中国は「国内での情報統制」と「知的財産制度への無理解」という二つの意味において、グローバル社会への参加条件を満たしていない。情報統制によって、中国の国内経済は世界のトレンドから取り残されることになるし、企業も育たない。知的財産制度を理解しないことは、「技術貿易」などにおける「中国外し」を招くことになるだろう。

知的財産権のルールを守らなければ、国際的な「知識の貿易」に加わることができず、中国は世界の最先端からどんどんと遅れを取ることになる。2011年のデータでは、アメリカが海外から稼いでいる特許と著作権の使用料は、合わせて約9.6兆円とされており、日本の製薬産業の売上高に匹敵する規模である。経営学者のピーター・ドラッカーは著書『断絶の時代』の中で、「新産業は知識に基礎を置く」と説き、知識は重要な資源であると指摘している。
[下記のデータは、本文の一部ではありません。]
(* Let $G=(V,E)$ be a finite undirected graph and let $\rho\in(0,1]$. Then the procedure $\textsc{CliqueAgg}(G,\rho)$ (described in the context) outputs an inclusion-maximal $\rho$-dense aggregator of $G$.
   Context: For a graph with $n'\ge 2$ vertices and $m'$ edges its density is $m'/\binom{n'}{2}$; a graph with one vertex has density $1$. For $v\in V$, $N_G(v)$ is the neighborhood of $v$. A degeneracy ordering of a graph is obtained by repeatedly removing a minimum-degree vertex of the remaining graph (ties broken by vertex id); the order of removal is the ordering. A $\rho$-dense aggregator of $G$ is a collection of nonempty vertex sets $S_1,\dots,S_k\subseteq V$ such that (1) every clique $K$ of $G$ satisfies $K\subseteq S_i$ for some $i$, and (2) every induced subgraph $G[S_i]$ has density at least $\rho$. It is inclusion-maximal if there are no distinct $S_i,S_j$ in it with $S_i\subseteq S_j$. The procedure $\textsc{CliqueAgg}(G,\rho)$ returns $\textsc{Rec}(H=V, C=\emptyset, X=\emptyset)$, where $\textsc{Rec}(H,C,X)$ (with $H,C,X\subseteq V$) does the following. (1) If some $x\in X$ satisfies $H\subseteq N_G(x)$, return $\emptyset$. (2) If $G[C\cup H]$ has density at least $\rho$, return $\{C\cup H\}$. (3) Otherwise set $S:=\emptyset$, $\hat H:=H$, $\hat X:=X$, compute a degeneracy ordering of $G[H]$, and for each $v\in H$ in this order: set $H_v:=N_G(v)\cap\hat H$, $C_v:=C\cup\{v\}$, $X_v:=\hat X\cap N_G(v)$; set $S:=S\cup\textsc{Rec}(H_v,C_v,X_v)$; set $\hat H:=\hat H\setminus\{v\}$ and $\hat X:=\hat X\cup\{v\}$; if some $x\in\hat X$ satisfies $\hat H\subseteq N_G(x)$, return $S$; if $G[C\cup\hat H]$ has density at least $\rho$, return $S\cup\{C\cup\hat H\}$. (4) After the loop, return $S$. *)

theory Defs
  imports Complex_Main
begin

definition simple_graph :: "'a set \<Rightarrow> ('a \<Rightarrow> 'a \<Rightarrow> bool) \<Rightarrow> bool" where
  "simple_graph V E \<longleftrightarrow> finite V \<and> (\<forall>u v. E u v \<longrightarrow> E v u) \<and> (\<forall>u. \<not> E u u)
     \<and> (\<forall>u v. E u v \<longrightarrow> u \<in> V \<and> v \<in> V)"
そして、「今後伸びる貿易は商品貿易ではなく技術貿易、すなわち特許やライセンスの貿易である」と予言している。そもそも「知識」の売買の前提として「知的財産権」が認められなければならないが、中国はこのことを理解できるだろうか。

また、ドラッカーは同書において、同一の情報圏は同一の経済圏を持ち、世界にわたる情報の爆発が経済のグローバル化を進展させているが、そのグローバル経済においては、まだ制度たるものが整備されていないとしている。現在、話が進められているTPP交渉は、グローバル経済における「ルール」づくりの役割を果たしていると言える。

経済成長の減速に加えて、知識社会の到来と経済のグローバル化は、中国経済に大きな課題を突き付けていると言えよう。中国に自由主義経済へ向けた改革をさらに迫るべく、日本はTPP妥結に向けてリーダーシップを発揮していく必要がある。